→ **What you are asked to do**
Look through the material below and copy exactly the lines from the line with "text \<open>Modified Bessel" to the line with "with rate 1/\<Omega>", those two lines included.

++++++++++++++++++++

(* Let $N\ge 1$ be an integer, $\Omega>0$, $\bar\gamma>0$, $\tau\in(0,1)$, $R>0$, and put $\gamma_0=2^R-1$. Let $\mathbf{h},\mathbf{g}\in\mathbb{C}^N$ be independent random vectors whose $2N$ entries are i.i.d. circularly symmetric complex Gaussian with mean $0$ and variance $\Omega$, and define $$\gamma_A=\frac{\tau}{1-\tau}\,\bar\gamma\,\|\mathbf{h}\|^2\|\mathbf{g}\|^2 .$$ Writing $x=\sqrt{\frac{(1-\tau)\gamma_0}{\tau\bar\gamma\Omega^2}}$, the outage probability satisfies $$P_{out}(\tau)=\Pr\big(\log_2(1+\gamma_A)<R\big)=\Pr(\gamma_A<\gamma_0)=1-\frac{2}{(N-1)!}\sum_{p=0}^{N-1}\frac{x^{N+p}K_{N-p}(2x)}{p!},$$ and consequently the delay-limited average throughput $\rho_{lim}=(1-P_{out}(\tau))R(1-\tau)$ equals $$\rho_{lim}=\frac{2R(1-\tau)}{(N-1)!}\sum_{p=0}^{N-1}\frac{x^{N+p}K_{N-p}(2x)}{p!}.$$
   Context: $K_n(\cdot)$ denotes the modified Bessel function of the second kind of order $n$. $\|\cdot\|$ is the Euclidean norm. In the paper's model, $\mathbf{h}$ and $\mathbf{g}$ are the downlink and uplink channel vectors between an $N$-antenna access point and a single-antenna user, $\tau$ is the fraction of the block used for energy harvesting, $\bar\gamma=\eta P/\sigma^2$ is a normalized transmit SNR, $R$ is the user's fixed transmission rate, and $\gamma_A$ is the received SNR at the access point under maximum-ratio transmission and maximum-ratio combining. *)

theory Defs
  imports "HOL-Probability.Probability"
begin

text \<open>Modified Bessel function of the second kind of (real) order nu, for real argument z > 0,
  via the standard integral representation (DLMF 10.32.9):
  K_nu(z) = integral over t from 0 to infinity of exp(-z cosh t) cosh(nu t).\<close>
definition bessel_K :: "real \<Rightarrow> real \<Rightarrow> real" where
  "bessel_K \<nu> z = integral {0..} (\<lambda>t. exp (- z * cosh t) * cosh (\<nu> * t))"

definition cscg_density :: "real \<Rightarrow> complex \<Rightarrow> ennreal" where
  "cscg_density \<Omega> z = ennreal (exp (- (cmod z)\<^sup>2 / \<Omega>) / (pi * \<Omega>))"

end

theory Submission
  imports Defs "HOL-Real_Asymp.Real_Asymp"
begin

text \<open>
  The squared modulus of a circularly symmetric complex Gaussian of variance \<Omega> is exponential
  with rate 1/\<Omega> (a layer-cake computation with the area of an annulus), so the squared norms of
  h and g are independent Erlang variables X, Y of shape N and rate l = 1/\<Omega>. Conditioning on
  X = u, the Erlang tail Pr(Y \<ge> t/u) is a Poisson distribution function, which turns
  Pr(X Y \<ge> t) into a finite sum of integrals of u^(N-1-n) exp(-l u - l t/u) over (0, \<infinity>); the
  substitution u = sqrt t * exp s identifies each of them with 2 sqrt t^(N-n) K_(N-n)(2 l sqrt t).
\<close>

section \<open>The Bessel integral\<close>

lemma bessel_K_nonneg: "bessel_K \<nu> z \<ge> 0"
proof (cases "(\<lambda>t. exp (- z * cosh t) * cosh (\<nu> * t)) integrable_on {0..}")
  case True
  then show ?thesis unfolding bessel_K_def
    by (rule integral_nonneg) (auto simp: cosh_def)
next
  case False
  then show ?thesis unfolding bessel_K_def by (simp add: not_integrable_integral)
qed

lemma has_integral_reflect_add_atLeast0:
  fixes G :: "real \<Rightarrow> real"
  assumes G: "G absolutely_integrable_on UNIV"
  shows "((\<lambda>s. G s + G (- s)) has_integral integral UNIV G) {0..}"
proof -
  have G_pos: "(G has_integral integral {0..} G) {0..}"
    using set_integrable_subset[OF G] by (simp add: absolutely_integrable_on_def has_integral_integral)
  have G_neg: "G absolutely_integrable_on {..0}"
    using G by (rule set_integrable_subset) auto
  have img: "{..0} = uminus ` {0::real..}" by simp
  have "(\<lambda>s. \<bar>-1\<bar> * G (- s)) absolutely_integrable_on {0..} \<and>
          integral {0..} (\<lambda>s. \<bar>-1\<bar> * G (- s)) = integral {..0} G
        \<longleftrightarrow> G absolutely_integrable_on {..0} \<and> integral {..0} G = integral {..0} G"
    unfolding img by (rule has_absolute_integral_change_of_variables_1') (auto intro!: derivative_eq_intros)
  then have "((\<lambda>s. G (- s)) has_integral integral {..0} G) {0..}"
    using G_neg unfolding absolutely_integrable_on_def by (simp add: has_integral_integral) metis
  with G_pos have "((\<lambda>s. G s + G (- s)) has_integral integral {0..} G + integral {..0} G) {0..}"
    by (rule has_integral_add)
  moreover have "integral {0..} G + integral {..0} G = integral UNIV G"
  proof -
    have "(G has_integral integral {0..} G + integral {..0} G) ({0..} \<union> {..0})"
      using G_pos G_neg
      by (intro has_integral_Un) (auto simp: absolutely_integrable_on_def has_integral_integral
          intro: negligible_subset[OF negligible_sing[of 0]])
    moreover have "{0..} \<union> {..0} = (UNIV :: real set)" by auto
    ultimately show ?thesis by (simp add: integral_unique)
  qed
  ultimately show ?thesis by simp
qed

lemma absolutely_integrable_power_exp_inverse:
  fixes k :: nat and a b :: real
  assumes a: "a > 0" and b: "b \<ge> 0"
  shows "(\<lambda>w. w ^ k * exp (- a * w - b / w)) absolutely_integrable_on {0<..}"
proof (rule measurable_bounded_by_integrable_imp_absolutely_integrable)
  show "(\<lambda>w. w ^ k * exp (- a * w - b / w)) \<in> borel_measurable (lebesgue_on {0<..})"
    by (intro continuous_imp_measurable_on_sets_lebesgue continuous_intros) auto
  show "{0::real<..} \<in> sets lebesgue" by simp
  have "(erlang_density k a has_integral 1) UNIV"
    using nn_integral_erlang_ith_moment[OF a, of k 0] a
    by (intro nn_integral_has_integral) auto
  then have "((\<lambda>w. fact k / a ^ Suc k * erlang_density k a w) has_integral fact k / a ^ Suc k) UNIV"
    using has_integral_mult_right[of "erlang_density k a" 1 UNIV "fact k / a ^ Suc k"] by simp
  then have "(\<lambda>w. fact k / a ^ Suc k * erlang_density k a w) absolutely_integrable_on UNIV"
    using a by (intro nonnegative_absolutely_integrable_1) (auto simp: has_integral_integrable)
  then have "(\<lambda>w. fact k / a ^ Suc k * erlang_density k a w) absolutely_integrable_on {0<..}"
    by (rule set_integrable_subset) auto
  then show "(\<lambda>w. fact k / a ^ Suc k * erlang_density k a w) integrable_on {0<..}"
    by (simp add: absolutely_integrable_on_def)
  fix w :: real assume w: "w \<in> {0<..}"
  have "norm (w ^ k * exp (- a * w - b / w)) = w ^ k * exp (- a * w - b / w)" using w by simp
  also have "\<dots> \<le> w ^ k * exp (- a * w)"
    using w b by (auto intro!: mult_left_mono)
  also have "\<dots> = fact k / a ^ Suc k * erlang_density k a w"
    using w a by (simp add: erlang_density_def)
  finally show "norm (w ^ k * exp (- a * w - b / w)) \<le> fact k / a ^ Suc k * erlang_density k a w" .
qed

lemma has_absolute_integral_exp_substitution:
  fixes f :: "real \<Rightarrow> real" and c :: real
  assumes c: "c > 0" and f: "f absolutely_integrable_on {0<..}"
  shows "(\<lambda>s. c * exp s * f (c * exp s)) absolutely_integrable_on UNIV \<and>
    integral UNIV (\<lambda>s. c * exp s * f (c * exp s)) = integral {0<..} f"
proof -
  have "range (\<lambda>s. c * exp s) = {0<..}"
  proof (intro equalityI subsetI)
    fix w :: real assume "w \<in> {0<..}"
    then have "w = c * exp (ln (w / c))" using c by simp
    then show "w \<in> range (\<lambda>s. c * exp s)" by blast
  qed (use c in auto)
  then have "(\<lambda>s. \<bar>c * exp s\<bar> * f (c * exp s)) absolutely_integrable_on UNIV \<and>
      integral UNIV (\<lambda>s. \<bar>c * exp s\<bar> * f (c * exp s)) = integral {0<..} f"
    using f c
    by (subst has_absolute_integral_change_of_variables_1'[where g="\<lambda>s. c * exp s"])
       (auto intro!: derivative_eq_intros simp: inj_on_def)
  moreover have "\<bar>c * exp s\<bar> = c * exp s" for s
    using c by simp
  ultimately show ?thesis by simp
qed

++++++++++++++++++++

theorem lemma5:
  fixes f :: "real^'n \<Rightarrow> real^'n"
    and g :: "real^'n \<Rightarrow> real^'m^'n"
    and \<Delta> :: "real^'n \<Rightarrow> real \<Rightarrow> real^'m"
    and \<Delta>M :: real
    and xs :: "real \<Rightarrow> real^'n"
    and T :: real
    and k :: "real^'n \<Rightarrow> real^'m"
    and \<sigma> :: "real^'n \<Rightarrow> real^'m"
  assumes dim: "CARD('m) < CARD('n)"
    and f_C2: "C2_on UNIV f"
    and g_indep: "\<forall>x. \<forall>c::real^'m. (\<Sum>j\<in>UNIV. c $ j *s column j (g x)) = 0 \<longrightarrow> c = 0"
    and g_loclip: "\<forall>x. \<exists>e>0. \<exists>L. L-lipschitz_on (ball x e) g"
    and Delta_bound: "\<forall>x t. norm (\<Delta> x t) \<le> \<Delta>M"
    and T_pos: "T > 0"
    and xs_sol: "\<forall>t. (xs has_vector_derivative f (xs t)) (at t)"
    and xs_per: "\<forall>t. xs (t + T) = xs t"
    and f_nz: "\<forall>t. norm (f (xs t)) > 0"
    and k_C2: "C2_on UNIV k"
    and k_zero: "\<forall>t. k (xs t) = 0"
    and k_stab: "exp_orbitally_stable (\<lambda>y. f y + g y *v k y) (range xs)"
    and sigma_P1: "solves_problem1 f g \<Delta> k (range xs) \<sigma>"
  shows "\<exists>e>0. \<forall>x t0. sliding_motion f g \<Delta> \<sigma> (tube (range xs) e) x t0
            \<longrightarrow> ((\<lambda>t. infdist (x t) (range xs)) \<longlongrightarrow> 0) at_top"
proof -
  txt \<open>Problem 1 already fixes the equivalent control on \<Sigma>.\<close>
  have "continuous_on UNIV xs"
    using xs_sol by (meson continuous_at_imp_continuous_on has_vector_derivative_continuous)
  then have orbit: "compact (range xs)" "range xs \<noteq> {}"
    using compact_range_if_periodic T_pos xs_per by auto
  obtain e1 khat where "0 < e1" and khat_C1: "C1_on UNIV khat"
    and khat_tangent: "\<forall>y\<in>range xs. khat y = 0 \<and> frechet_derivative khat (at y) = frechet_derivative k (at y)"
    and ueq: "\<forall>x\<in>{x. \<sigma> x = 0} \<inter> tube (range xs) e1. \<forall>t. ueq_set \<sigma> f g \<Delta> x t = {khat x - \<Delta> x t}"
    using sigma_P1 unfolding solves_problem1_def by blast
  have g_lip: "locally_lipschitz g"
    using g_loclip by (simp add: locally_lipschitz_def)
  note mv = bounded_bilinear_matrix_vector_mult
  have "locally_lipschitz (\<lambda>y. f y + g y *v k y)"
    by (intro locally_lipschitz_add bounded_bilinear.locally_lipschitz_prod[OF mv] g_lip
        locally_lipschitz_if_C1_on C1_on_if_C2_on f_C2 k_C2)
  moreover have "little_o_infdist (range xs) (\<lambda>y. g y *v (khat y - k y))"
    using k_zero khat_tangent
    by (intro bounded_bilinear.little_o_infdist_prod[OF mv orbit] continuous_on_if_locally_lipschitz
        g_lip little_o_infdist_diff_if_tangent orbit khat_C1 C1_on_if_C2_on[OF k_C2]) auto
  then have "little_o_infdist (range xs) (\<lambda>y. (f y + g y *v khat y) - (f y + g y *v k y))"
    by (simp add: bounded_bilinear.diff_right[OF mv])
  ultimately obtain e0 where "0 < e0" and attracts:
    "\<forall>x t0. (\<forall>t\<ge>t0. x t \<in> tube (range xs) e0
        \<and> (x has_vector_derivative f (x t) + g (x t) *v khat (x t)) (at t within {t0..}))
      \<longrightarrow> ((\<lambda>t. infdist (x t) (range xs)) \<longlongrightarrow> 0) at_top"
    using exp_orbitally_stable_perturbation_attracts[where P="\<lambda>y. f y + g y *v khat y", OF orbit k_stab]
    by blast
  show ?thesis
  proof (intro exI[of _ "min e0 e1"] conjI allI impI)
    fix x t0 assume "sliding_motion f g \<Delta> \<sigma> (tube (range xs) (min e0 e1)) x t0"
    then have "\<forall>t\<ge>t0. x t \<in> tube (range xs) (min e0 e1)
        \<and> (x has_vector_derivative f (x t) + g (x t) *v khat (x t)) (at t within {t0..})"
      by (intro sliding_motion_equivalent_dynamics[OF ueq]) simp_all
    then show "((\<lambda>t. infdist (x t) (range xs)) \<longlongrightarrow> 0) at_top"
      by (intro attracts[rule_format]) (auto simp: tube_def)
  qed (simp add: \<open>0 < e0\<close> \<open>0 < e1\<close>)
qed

++++++++++++++++++++

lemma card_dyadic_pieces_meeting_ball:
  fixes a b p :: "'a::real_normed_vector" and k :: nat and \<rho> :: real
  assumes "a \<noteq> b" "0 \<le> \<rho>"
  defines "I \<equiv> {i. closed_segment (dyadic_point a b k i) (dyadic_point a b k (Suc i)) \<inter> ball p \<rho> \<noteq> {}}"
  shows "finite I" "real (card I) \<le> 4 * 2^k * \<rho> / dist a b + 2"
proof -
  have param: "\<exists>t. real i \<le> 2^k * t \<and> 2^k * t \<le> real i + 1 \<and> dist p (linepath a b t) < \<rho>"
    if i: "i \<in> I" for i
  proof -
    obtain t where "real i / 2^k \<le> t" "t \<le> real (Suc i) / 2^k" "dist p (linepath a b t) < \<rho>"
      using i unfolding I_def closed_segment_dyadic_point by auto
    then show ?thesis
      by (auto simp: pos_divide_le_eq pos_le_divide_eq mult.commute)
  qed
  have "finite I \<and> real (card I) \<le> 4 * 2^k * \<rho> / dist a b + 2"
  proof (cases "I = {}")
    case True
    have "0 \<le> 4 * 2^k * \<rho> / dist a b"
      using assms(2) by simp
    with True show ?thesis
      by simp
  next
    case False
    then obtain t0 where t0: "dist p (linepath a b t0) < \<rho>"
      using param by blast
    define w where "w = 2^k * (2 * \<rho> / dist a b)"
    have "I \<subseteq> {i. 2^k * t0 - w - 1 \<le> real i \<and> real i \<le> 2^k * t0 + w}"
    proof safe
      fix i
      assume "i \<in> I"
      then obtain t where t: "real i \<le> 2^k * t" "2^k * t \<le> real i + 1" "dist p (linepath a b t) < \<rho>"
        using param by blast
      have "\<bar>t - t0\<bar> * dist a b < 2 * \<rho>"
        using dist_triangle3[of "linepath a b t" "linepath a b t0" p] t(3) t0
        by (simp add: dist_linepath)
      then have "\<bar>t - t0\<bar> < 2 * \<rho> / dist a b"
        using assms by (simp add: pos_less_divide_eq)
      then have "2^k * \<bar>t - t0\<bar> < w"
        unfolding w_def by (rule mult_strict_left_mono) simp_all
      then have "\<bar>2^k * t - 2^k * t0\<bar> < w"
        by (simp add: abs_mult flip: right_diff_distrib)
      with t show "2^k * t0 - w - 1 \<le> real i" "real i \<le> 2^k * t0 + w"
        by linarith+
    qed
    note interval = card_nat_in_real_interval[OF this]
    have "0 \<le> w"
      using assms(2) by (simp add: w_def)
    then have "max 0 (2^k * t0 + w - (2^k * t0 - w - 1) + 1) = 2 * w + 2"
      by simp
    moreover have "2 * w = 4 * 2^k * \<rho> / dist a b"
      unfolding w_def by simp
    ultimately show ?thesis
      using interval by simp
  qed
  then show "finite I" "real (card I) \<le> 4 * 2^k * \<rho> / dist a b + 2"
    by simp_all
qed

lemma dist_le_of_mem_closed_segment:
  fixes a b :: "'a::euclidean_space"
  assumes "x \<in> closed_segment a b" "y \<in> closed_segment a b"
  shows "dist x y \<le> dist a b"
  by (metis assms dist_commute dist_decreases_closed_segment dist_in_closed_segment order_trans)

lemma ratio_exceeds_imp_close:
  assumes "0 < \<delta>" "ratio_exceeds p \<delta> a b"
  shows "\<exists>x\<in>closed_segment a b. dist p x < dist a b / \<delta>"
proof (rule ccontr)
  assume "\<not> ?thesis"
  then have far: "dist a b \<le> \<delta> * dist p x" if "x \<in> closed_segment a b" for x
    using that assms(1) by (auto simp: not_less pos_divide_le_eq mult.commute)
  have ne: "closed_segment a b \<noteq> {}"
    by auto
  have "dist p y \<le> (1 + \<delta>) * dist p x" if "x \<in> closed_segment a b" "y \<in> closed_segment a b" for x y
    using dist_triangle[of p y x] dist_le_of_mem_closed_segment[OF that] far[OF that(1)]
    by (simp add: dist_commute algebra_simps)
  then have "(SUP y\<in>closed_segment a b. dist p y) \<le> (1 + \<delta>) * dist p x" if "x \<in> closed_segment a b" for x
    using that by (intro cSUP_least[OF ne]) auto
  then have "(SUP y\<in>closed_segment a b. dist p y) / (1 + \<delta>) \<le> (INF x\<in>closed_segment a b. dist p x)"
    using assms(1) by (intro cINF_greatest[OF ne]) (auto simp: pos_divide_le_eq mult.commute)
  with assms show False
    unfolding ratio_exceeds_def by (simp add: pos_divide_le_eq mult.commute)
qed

++++++++++++++++++++

→ **Worked solution**
text \<open>Modified Bessel function of the second kind of (real) order nu, for real argument z > 0,
  via the standard integral representation (DLMF 10.32.9):
  K_nu(z) = integral over t from 0 to infinity of exp(-z cosh t) cosh(nu t).\<close>
definition bessel_K :: "real \<Rightarrow> real \<Rightarrow> real" where
  "bessel_K \<nu> z = integral {0..} (\<lambda>t. exp (- z * cosh t) * cosh (\<nu> * t))"

definition cscg_density :: "real \<Rightarrow> complex \<Rightarrow> ennreal" where
  "cscg_density \<Omega> z = ennreal (exp (- (cmod z)\<^sup>2 / \<Omega>) / (pi * \<Omega>))"

end

theory Submission
  imports Defs "HOL-Real_Asymp.Real_Asymp"
begin

text \<open>
  The squared modulus of a circularly symmetric complex Gaussian of variance \<Omega> is exponential
  with rate 1/\<Omega> (a layer-cake computation with the area of an annulus), so the squared norms of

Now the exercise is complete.